Retype the listing exactly, so that the copy matches it line for line.

++++ DATASET EXCERPTS ++++

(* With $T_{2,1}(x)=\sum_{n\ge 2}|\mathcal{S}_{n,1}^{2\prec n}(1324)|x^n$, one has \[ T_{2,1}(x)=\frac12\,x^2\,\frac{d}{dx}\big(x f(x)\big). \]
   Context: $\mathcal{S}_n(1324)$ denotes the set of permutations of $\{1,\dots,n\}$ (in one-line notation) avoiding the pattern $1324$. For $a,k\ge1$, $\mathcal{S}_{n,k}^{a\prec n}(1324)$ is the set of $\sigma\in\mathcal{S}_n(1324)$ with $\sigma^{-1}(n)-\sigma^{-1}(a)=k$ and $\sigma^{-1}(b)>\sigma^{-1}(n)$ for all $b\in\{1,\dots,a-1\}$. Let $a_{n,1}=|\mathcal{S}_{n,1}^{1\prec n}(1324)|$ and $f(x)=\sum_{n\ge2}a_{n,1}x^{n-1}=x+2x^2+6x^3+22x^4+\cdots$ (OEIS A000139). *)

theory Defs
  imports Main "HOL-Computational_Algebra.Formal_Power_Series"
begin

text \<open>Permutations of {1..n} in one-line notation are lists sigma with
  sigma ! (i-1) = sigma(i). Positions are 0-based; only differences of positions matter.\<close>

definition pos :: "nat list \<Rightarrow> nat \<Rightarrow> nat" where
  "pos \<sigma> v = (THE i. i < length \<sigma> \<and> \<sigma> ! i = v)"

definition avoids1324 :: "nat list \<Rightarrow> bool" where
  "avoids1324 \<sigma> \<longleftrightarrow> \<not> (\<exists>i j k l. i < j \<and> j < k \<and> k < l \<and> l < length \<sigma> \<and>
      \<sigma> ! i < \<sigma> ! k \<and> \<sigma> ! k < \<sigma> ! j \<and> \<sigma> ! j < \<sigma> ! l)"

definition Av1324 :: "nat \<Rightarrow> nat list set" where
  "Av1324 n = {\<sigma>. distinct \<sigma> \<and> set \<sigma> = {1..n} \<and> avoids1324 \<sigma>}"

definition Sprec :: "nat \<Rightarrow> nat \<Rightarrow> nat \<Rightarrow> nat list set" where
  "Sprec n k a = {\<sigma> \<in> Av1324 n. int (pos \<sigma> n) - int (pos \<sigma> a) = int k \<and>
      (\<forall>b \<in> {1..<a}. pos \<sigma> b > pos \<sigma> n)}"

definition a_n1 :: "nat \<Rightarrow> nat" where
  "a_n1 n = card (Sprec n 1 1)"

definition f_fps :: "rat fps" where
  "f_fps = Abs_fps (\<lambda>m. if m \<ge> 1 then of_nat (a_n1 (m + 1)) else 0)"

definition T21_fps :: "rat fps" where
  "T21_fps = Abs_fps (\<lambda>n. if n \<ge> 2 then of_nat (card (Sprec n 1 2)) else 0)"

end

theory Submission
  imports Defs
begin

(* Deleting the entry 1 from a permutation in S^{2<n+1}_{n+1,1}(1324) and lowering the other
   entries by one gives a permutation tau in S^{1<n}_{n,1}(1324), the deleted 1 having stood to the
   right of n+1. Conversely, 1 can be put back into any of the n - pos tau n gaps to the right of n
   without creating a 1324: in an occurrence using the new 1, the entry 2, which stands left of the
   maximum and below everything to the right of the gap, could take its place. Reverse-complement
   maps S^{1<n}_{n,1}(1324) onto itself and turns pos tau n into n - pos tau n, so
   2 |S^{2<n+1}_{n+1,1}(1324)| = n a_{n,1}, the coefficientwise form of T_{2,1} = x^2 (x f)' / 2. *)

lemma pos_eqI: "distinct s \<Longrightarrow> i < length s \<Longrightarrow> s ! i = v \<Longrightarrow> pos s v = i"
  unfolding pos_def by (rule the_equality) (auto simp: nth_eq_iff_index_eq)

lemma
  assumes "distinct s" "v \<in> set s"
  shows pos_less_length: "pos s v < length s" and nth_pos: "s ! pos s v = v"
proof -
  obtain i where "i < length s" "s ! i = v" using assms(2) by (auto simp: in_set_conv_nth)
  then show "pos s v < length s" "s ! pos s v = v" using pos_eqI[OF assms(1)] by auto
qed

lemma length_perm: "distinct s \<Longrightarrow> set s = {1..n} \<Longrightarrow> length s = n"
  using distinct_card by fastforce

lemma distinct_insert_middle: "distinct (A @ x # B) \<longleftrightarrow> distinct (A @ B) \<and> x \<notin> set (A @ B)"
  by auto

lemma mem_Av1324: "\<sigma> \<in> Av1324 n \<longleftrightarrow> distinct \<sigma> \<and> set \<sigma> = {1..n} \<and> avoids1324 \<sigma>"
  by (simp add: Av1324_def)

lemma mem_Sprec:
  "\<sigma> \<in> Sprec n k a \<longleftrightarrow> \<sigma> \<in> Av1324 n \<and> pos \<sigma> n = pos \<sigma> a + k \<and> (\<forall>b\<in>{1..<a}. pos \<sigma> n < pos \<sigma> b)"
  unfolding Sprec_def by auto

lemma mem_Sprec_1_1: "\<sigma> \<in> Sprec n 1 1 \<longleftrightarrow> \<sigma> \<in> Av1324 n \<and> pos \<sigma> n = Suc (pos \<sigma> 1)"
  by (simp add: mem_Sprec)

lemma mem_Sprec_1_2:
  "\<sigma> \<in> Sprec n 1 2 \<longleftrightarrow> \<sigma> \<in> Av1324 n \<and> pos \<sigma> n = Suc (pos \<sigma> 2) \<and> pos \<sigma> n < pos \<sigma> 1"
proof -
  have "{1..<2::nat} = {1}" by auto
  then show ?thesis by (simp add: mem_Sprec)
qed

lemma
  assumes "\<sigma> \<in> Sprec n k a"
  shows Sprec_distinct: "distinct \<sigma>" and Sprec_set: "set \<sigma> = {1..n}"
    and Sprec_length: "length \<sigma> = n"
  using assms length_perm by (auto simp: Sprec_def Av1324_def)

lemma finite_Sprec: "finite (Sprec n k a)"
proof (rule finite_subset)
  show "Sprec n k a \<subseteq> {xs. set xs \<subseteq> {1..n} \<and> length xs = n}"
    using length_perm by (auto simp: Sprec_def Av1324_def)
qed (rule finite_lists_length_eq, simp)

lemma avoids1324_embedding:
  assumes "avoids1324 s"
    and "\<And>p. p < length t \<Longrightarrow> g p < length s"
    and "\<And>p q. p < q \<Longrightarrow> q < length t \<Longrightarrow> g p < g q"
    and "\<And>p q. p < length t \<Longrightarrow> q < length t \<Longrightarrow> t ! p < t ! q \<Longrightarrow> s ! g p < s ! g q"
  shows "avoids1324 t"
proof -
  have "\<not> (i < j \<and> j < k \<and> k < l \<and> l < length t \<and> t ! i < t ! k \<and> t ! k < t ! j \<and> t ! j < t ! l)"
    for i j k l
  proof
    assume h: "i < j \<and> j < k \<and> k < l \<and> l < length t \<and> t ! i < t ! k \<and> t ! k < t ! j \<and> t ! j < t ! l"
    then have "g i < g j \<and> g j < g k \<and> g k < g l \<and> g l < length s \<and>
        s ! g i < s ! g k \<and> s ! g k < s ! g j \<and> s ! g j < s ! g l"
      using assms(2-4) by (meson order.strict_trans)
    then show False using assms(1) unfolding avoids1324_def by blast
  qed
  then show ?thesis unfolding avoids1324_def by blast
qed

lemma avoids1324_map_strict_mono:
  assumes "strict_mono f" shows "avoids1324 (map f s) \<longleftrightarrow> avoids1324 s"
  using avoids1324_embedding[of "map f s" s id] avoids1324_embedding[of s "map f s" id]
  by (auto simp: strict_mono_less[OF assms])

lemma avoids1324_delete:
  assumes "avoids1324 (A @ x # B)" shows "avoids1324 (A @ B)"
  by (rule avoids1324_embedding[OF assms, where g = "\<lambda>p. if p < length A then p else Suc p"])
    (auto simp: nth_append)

++++

**TASK SOLUTION**
(* With $T_{2,1}(x)=\sum_{n\ge 2}|\mathcal{S}_{n,1}^{2\prec n}(1324)|x^n$, one has \[ T_{2,1}(x)=\frac12\,x^2\,\frac{d}{dx}\big(x f(x)\big). \]
   Context: $\mathcal{S}_n(1324)$ denotes the set of permutations of $\{1,\dots,n\}$ (in one-line notation) avoiding the pattern $1324$. For $a,k\ge1$, $\mathcal{S}_{n,k}^{a\prec n}(1324)$ is the set of $\sigma\in\mathcal{S}_n(1324)$ with $\sigma^{-1}(n)-\sigma^{-1}(a)=k$ and $\sigma^{-1}(b)>\sigma^{-1}(n)$ for all $b\in\{1,\dots,a-1\}$. Let $a_{n,1}=|\mathcal{S}_{n,1}^{1\prec n}(1324)|$ and $f(x)=\sum_{n\ge2}a_{n,1}x^{n-1}=x+2x^2+6x^3+22x^4+\cdots$ (OEIS A000139). *)

theory Defs
  imports Main "HOL-Computational_Algebra.Formal_Power_Series"
begin

text \<open>Permutations of {1..n} in one-line notation are lists sigma with
  sigma ! (i-1) = sigma(i). Positions are 0-based; only differences of positions matter.\<close>

definition pos :: "nat list \<Rightarrow> nat \<Rightarrow> nat" where
  "pos \<sigma> v = (THE i. i < length \<sigma> \<and> \<sigma> ! i = v)"

definition avoids1324 :: "nat list \<Rightarrow> bool" where
  "avoids1324 \<sigma> \<longleftrightarrow> \<not> (\<exists>i j k l. i < j \<and> j < k \<and> k < l \<and> l < length \<sigma> \<and>
      \<sigma> ! i < \<sigma> ! k \<and> \<sigma> ! k < \<sigma> ! j \<and> \<sigma> ! j < \<sigma> ! l)"

definition Av1324 :: "nat \<Rightarrow> nat list set" where
  "Av1324 n = {\<sigma>. distinct \<sigma> \<and> set \<sigma> = {1..n} \<and> avoids1324 \<sigma>}"

definition Sprec :: "nat \<Rightarrow> nat \<Rightarrow> nat \<Rightarrow> nat list set" where
  "Sprec n k a = {\<sigma> \<in> Av1324 n. int (pos \<sigma> n) - int (pos \<sigma> a) = int k \<and>
      (\<forall>b \<in> {1..<a}. pos \<sigma> b > pos \<sigma> n)}"

definition a_n1 :: "nat \<Rightarrow> nat" where
  "a_n1 n = card (Sprec n 1 1)"

definition f_fps :: "rat fps" where
  "f_fps = Abs_fps (\<lambda>m. if m \<ge> 1 then of_nat (a_n1 (m + 1)) else 0)"

definition T21_fps :: "rat fps" where
  "T21_fps = Abs_fps (\<lambda>n. if n \<ge> 2 then of_nat (card (Sprec n 1 2)) else 0)"

end

theory Submission
  imports Defs
begin

(* Deleting the entry 1 from a permutation in S^{2<n+1}_{n+1,1}(1324) and lowering the other
   entries by one gives a permutation tau in S^{1<n}_{n,1}(1324), the deleted 1 having stood to the
   right of n+1. Conversely, 1 can be put back into any of the n - pos tau n gaps to the right of n
   without creating a 1324: in an occurrence using the new 1, the entry 2, which stands left of the
   maximum and below everything to the right of the gap, could take its place. Reverse-complement
   maps S^{1<n}_{n,1}(1324) onto itself and turns pos tau n into n - pos tau n, so
   2 |S^{2<n+1}_{n+1,1}(1324)| = n a_{n,1}, the coefficientwise form of T_{2,1} = x^2 (x f)' / 2. *)

lemma pos_eqI: "distinct s \<Longrightarrow> i < length s \<Longrightarrow> s ! i = v \<Longrightarrow> pos s v = i"
  unfolding pos_def by (rule the_equality) (auto simp: nth_eq_iff_index_eq)

lemma
  assumes "distinct s" "v \<in> set s"
  shows pos_less_length: "pos s v < length s" and nth_pos: "s ! pos s v = v"
proof -
  obtain i where "i < length s" "s ! i = v" using assms(2) by (auto simp: in_set_conv_nth)
  then show "pos s v < length s" "s ! pos s v = v" using pos_eqI[OF assms(1)] by auto
qed

lemma length_perm: "distinct s \<Longrightarrow> set s = {1..n} \<Longrightarrow> length s = n"
  using distinct_card by fastforce

lemma distinct_insert_middle: "distinct (A @ x # B) \<longleftrightarrow> distinct (A @ B) \<and> x \<notin> set (A @ B)"
  by auto

lemma mem_Av1324: "\<sigma> \<in> Av1324 n \<longleftrightarrow> distinct \<sigma> \<and> set \<sigma> = {1..n} \<and> avoids1324 \<sigma>"
  by (simp add: Av1324_def)

lemma mem_Sprec:
  "\<sigma> \<in> Sprec n k a \<longleftrightarrow> \<sigma> \<in> Av1324 n \<and> pos \<sigma> n = pos \<sigma> a + k \<and> (\<forall>b\<in>{1..<a}. pos \<sigma> n < pos \<sigma> b)"
  unfolding Sprec_def by auto

lemma mem_Sprec_1_1: "\<sigma> \<in> Sprec n 1 1 \<longleftrightarrow> \<sigma> \<in> Av1324 n \<and> pos \<sigma> n = Suc (pos \<sigma> 1)"
  by (simp add: mem_Sprec)

lemma mem_Sprec_1_2:
  "\<sigma> \<in> Sprec n 1 2 \<longleftrightarrow> \<sigma> \<in> Av1324 n \<and> pos \<sigma> n = Suc (pos \<sigma> 2) \<and> pos \<sigma> n < pos \<sigma> 1"
proof -
  have "{1..<2::nat} = {1}" by auto
  then show ?thesis by (simp add: mem_Sprec)
qed

lemma
  assumes "\<sigma> \<in> Sprec n k a"
  shows Sprec_distinct: "distinct \<sigma>" and Sprec_set: "set \<sigma> = {1..n}"
    and Sprec_length: "length \<sigma> = n"
  using assms length_perm by (auto simp: Sprec_def Av1324_def)

lemma finite_Sprec: "finite (Sprec n k a)"
proof (rule finite_subset)
  show "Sprec n k a \<subseteq> {xs. set xs \<subseteq> {1..n} \<and> length xs = n}"
    using length_perm by (auto simp: Sprec_def Av1324_def)
qed (rule finite_lists_length_eq, simp)

lemma avoids1324_embedding:
  assumes "avoids1324 s"
    and "\<And>p. p < length t \<Longrightarrow> g p < length s"
    and "\<And>p q. p < q \<Longrightarrow> q < length t \<Longrightarrow> g p < g q"
    and "\<And>p q. p < length t \<Longrightarrow> q < length t \<Longrightarrow> t ! p < t ! q \<Longrightarrow> s ! g p < s ! g q"
  shows "avoids1324 t"
proof -
  have "\<not> (i < j \<and> j < k \<and> k < l \<and> l < length t \<and> t ! i < t ! k \<and> t ! k < t ! j \<and> t ! j < t ! l)"
    for i j k l
  proof
    assume h: "i < j \<and> j < k \<and> k < l \<and> l < length t \<and> t ! i < t ! k \<and> t ! k < t ! j \<and> t ! j < t ! l"
    then have "g i < g j \<and> g j < g k \<and> g k < g l \<and> g l < length s \<and>
        s ! g i < s ! g k \<and> s ! g k < s ! g j \<and> s ! g j < s ! g l"
      using assms(2-4) by (meson order.strict_trans)
    then show False using assms(1) unfolding avoids1324_def by blast
  qed
  then show ?thesis unfolding avoids1324_def by blast
qed

lemma avoids1324_map_strict_mono:
  assumes "strict_mono f" shows "avoids1324 (map f s) \<longleftrightarrow> avoids1324 s"
  using avoids1324_embedding[of "map f s" s id] avoids1324_embedding[of s "map f s" id]
  by (auto simp: strict_mono_less[OF assms])

lemma avoids1324_delete:
  assumes "avoids1324 (A @ x # B)" shows "avoids1324 (A @ B)"
  by (rule avoids1324_embedding[OF assms, where g = "\<lambda>p. if p < length A then p else Suc p"])
    (auto simp: nth_append)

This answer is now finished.